Действие двух первых глав рассказа «Дама с собачкой» разворачивается на фоне прекрасной ялтинской природы; море постепенно становится активным участником того сложного процесса, который происходит в душах героев. Пейзаж, окружающий Гурова и Анну Сергеевну, поистине космичен, и осознание его символической значимости приходит к героям по мере их духовного сближения. Глубокая онтологическая семантика сближает данный фрагмент, центральный для первой части рассказа, с художественной концепцией «моря» в «Евгении Онегине», причем природная стихия, как и у Пушкина, наделена здесь собственным голосом. «...однообразный, глухой шум моря, доносившийся снизу, говорил о покое, о вечном сне, какой ожидает нас. Так шумело внизу, когда еще тут не было ни Ялты, ни Ореанды, теперь шумит и будет шуметь так же равнодушно и глухо, когда нас не будет. И в этом постоянстве, в полном равнодушии к жизни и смерти каждого из нас кроется, быть может, залог нашего вечного спасения, непрерывного движения жизни на земле, непрерывного совершенства» (10, 133). Героев характеризует в этом важнейшем сюжетном эпизоде прежде всего самоуглубленность («смотрели вниз на море и молчали»), что позволяет им приобщиться к великой тайне — постигнуть трагическую гармонию бытия, вечное обновление и утверждение жизни. Возвратившись из Ялты в Москву, Гуров пытается вытеснить из своего сознания мысли о море как о чем-то далеком, ушедшем в прошлое; однако затем, в принципиально «не-морском» контексте, воспоминания вспыхивают с новой силой: «...или завывала в камине метель, как вдруг воскресало в памяти все: и то, что было на молу, и раннее утро с туманом на горах, и пароход из Феодосии, и поцелуи» (10, 136).

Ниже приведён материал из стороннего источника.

lemma frac_scale_cancel:
  assumes T: "mult_subset T" and "s \<in> T" "t \<in> T"
  shows "frac scale T (scale s m) (s * t) = frac scale T m t"
  using assms mult_subset_one[OF T] mult_subset_mult[OF T]
  by (subst frac_eq_iff) (auto simp: loc_rel_iff mult_ac intro!: bexI[of _ 1])

lemma gsubmod_loc_sub:
  assumes T: "mult_subset T" and N: "subspace N"
  shows "gsubmod (loc_ring T) (loc_mod scale T) (loc_add scale T) (loc_zero scale T) (loc_smul scale T)
           (loc_sub scale T N)"
  unfolding gsubmod_def
proof (intro conjI ballI)
  show "loc_sub scale T N \<subseteq> loc_mod scale T"
    unfolding loc_sub_def loc_mod_def by blast
  show "loc_zero scale T \<in> loc_sub scale T N"
    unfolding loc_zero_def loc_sub_def using subspace_0[OF N] mult_subset_one[OF T] by blast
next
  fix X Y assume "X \<in> loc_sub scale T N" "Y \<in> loc_sub scale T N"
  then obtain m t m' t' where "X = frac scale T m t" "Y = frac scale T m' t'"
    and "m \<in> N" "m' \<in> N" "t \<in> T" "t' \<in> T"
    unfolding loc_sub_def by blast
  then show "loc_add scale T X Y \<in> loc_sub scale T N"
    using loc_add_frac[OF T] mult_subset_mult[OF T] N
    unfolding loc_sub_def by (blast intro: subspace_add subspace_scale)
next
  fix x X assume "x \<in> loc_ring T" "X \<in> loc_sub scale T N"
  then obtain r q m t where "x = rfrac T r q" "X = frac scale T m t" "m \<in> N" "q \<in> T" "t \<in> T"
    unfolding loc_sub_def loc_mod_def by blast
  then show "loc_smul scale T x X \<in> loc_sub scale T N"
    using loc_smul_frac[OF T] mult_subset_mult[OF T] N
    unfolding loc_sub_def by (blast intro: subspace_scale)
qed

lemma gsubmod_loc_mod:
  assumes "mult_subset T"
  shows "gsubmod (loc_ring T) (loc_mod scale T) (loc_add scale T) (loc_zero scale T) (loc_smul scale T)
           (loc_mod scale T)"
proof -
  have "loc_mod scale T = loc_sub scale T UNIV"
    unfolding loc_mod_def loc_sub_def by blast
  then show ?thesis using gsubmod_loc_sub[OF assms subspace_UNIV] by simp
qed

lemma subspace_loc_contr:
  assumes T: "mult_subset T"
    and A: "gsubmod (loc_ring T) (loc_mod scale T) (loc_add scale T) (loc_zero scale T) (loc_smul scale T) A"
  shows "subspace (loc_contr scale T A)"
proof (rule subspaceI)
  have one: "1 \<in> T" using mult_subset_one[OF T] .
  have zero_A: "loc_zero scale T \<in> A"
    and add_A: "\<And>X Y. X \<in> A \<Longrightarrow> Y \<in> A \<Longrightarrow> loc_add scale T X Y \<in> A"
    and smul_A: "\<And>x X. x \<in> loc_ring T \<Longrightarrow> X \<in> A \<Longrightarrow> loc_smul scale T x X \<in> A"
    using A unfolding gsubmod_def by blast+
  show "0 \<in> loc_contr scale T A"
    using zero_A by (simp add: loc_contr_def loc_zero_def)
  show "x + y \<in> loc_contr scale T A" if "x \<in> loc_contr scale T A" "y \<in> loc_contr scale T A" for x y
  proof -
    have "loc_add scale T (frac scale T x 1) (frac scale T y 1) \<in> A"
      using that add_A by (simp add: loc_contr_def)
    then show ?thesis by (simp add: loc_contr_def loc_add_frac[OF T one one] add.commute)
  qed
  show "scale c x \<in> loc_contr scale T A" if "x \<in> loc_contr scale T A" for c x
  proof -
    have "rfrac T c 1 \<in> loc_ring T" unfolding loc_mod_def using one by blast
    then have "loc_smul scale T (rfrac T c 1) (frac scale T x 1) \<in> A"
      using that smul_A by (simp add: loc_contr_def)
    then show ?thesis by (simp add: loc_contr_def loc_smul_frac[OF T one one])
  qed
qed

lemma loc_sub_loc_contr:
  assumes T: "mult_subset T"
    and A: "gsubmod (loc_ring T) (loc_mod scale T) (loc_add scale T) (loc_zero scale T) (loc_smul scale T) A"
  shows "loc_sub scale T (loc_contr scale T A) = A"
proof
  have one: "1 \<in> T" using mult_subset_one[OF T] .
  have smul_A: "loc_smul scale T (rfrac T r q) X \<in> A" if "q \<in> T" "X \<in> A" for r q X
  proof -
    have "rfrac T r q \<in> loc_ring T" unfolding loc_mod_def using that(1) by blast
    then show ?thesis using A that(2) unfolding gsubmod_def by blast
  qed
  show "loc_sub scale T (loc_contr scale T A) \<subseteq> A"
  proof
    fix X assume "X \<in> loc_sub scale T (loc_contr scale T A)"
    then obtain m t where X: "X = frac scale T m t" "t \<in> T" "frac scale T m 1 \<in> A"
      unfolding loc_sub_def loc_contr_def by blast
    have "loc_smul scale T (rfrac T 1 t) (frac scale T m 1) = X"
      using X by (simp add: loc_smul_frac[OF T X(2) one])
    then show "X \<in> A" using smul_A[OF X(2) X(3), of 1] by simp
  qed
  show "A \<subseteq> loc_sub scale T (loc_contr scale T A)"
  proof
    fix X assume "X \<in> A"
    then obtain m t where X: "X = frac scale T m t" "t \<in> T"
      using A unfolding gsubmod_def loc_mod_def by blast
    have "loc_smul scale T (rfrac T t 1) X = frac scale T m 1"
      using X frac_scale_cancel[OF T X(2) one] by (simp add: loc_smul_frac[OF T one X(2)])
    then have "m \<in> loc_contr scale T A"
      using smul_A[OF one \<open>X \<in> A\<close>, of t] by (simp add: loc_contr_def)
    then show "X \<in> loc_sub scale T (loc_contr scale T A)"
      unfolding loc_sub_def using X by blast
  qed
qed

lemma gS_finite_loc_sub:
  assumes T: "mult_subset T" and N: "subspace N" and fin: "gS_finite UNIV UNIV (+) 0 scale S N"
  shows "gS_finite (loc_ring T) (loc_mod scale T) (loc_add scale T) (loc_zero scale T) (loc_smul scale T)
           ((\<lambda>s. rfrac T s 1) ` S) (loc_sub scale T N)"
proof -
  let ?gsubmod = "gsubmod (loc_ring T) (loc_mod scale T) (loc_add scale T) (loc_zero scale T) (loc_smul scale T)"
  let ?gspan = "gspan (loc_ring T) (loc_mod scale T) (loc_add scale T) (loc_zero scale T) (loc_smul scale T)"
  have one: "1 \<in> T" using mult_subset_one[OF T] .
  obtain s G where s: "s \<in> S" "scale s ` N \<subseteq> gspan UNIV UNIV (+) 0 scale G"
    and G: "finite G" "gspan UNIV UNIV (+) 0 scale G \<subseteq> N"
    using fin unfolding gS_finite_def gfin_gen_def by blast
  define G' where "G' = (\<lambda>g. frac scale T g 1) ` G"
  define F where "F = ?gspan G'"
  have "G' \<subseteq> loc_mod scale T"
    unfolding G'_def loc_mod_def using one by blast
  then have F: "?gsubmod F"
    unfolding F_def by (rule gsubmod_gspan[OF gsubmod_loc_mod[OF T]])
  have fin_gen: "gfin_gen (loc_ring T) (loc_mod scale T) (loc_add scale T) (loc_zero scale T) (loc_smul scale T) F"
    unfolding gfin_gen_def F_def using G(1) \<open>G' \<subseteq> loc_mod scale T\<close> G'_def by blast
  have "G' \<subseteq> loc_sub scale T N"
    using G(2) gspan_superset[of G] one unfolding G'_def loc_sub_def by blast
  then have F_sub: "F \<subseteq> loc_sub scale T N"
    unfolding F_def by (rule gspan_subset[OF gsubmod_loc_sub[OF T N]])
  have "G \<subseteq> loc_contr scale T F"
    using gspan_superset[of G'] unfolding F_def G'_def loc_contr_def by blast
  then have span_G: "gspan UNIV UNIV (+) 0 scale G \<subseteq> loc_contr scale T F"
    using subspace_loc_contr[OF T F] by (simp add: gspan_subset gsubmod_UNIV_iff_subspace)
  have "loc_smul scale T (rfrac T s 1) X \<in> F" if "X \<in> loc_sub scale T N" for X
  proof -
    obtain m t where X: "X = frac scale T m t" "t \<in> T" "m \<in> N"
      using \<open>X \<in> loc_sub scale T N\<close> unfolding loc_sub_def by blast
    have "frac scale T (scale s m) 1 \<in> F"
      using s(2) span_G X(3) unfolding loc_contr_def by blast
    moreover have "rfrac T 1 t \<in> loc_ring T"
      unfolding loc_mod_def using X(2) by blast
    ultimately have "loc_smul scale T (rfrac T 1 t) (frac scale T (scale s m) 1) \<in> F"
      using F unfolding gsubmod_def by blast
    moreover have "loc_smul scale T (rfrac T 1 t) (frac scale T (scale s m) 1) = loc_smul scale T (rfrac T s 1) X"
      using X by (simp add: loc_smul_frac[OF T X(2) one] loc_smul_frac[OF T one X(2)])
    ultimately show ?thesis by simp
  qed
  then show ?thesis
    unfolding gS_finite_def using s(1) fin_gen F_sub by blast
qed

lemma gS_noetherian_loc_mod:
  assumes T: "mult_subset T" and noeth: "gS_noetherian UNIV UNIV (+) 0 scale S"
  shows "gS_noetherian (loc_ring T) (loc_mod scale T) (loc_add scale T) (loc_zero scale T)
           (loc_smul scale T) ((\<lambda>s. rfrac T s 1) ` S)"
  unfolding gS_noetherian_def
proof (intro allI impI)
  fix L
  assume L: "gsubmod (loc_ring T) (loc_mod scale T) (loc_add scale T) (loc_zero scale T) (loc_smul scale T) L"
  have N: "subspace (loc_contr scale T L)" by (rule subspace_loc_contr[OF T L])
  then have "gS_finite UNIV UNIV (+) 0 scale S (loc_contr scale T L)"
    using noeth unfolding gS_noetherian_def gsubmod_UNIV_iff_subspace by blast
  from gS_finite_loc_sub[OF T N this]
  show "gS_finite (loc_ring T) (loc_mod scale T) (loc_add scale T) (loc_zero scale T) (loc_smul scale T)
          ((\<lambda>s. rfrac T s 1) ` S) L"
    by (simp add: loc_sub_loc_contr[OF T L])
qed

end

С морем здесь связаны воспоминания о счастье, и этот мотив по-своему роднит образ моря в чеховском рассказе и в I главе «Евгения Онегина», где данный символ маркирует некий благословенный край, в котором Автор познал страстную любовь (XXXIII строфа: «Я помню море пред грозою...»)
В более раннем чеховском творчестве трагическая тема звучит гораздо сильнее, что находит выражение в мотиве смерти, который пронизывает произведения с «морской» образностью. Например, в рассказе «Гусев» (1890) непосредственная близость океана выступает как соприсутствие «бездны», грозящей человеку полным исчезновением. Несчастные, обреченные люди — солдат, затем Павел Иваныч, а в финале рассказа и сам главный герой — один за другим поглощаются морской пучиной: «У моря нет ни смысла, ни жалости. Будь пароход поменьше и сделан не из толстого железа, волны разбили бы его без всякого сожаления и сожрали бы всех людей, не разбирая святых и грешных» (7, 337). Чехова неизменно волновал контраст между хрупкой человеческой жизнью и вечным бытием мира, которое «олицетворяется» морской стихией. Весьма характерны заграничные впечатления писателя, включенные в «памятку» Вас.И. Немировича-Данченко: «Сидят на берегу в креслах чахоточные и плюются. А море, здоровое, сильное, смелое, спокойно катится к ним...»4. Финальные события «Рассказа неизвестного человека», «Черного монаха» происходят в виду сказочно-прекрасного и равнодушного моря, с которым символически соотнесена гибель персонажей. Как нам кажется, данный аспект не сближает, а, напротив, отдаляет чеховские «морские» произведения от образности Пушкина: в этом отношении Чехов, скорее, оказывается ближе к Тургеневу5. В.Н. Топоров указывает, что подобное смысловое наполнение образа коренится в исконных мифологических представлениях: «Море — наиболее емкий и сильный образ, отсылающий к экзистенциальным глубинам человеческого сознания и напряженно и остро выдвигающий перед человеком тему смерти»6.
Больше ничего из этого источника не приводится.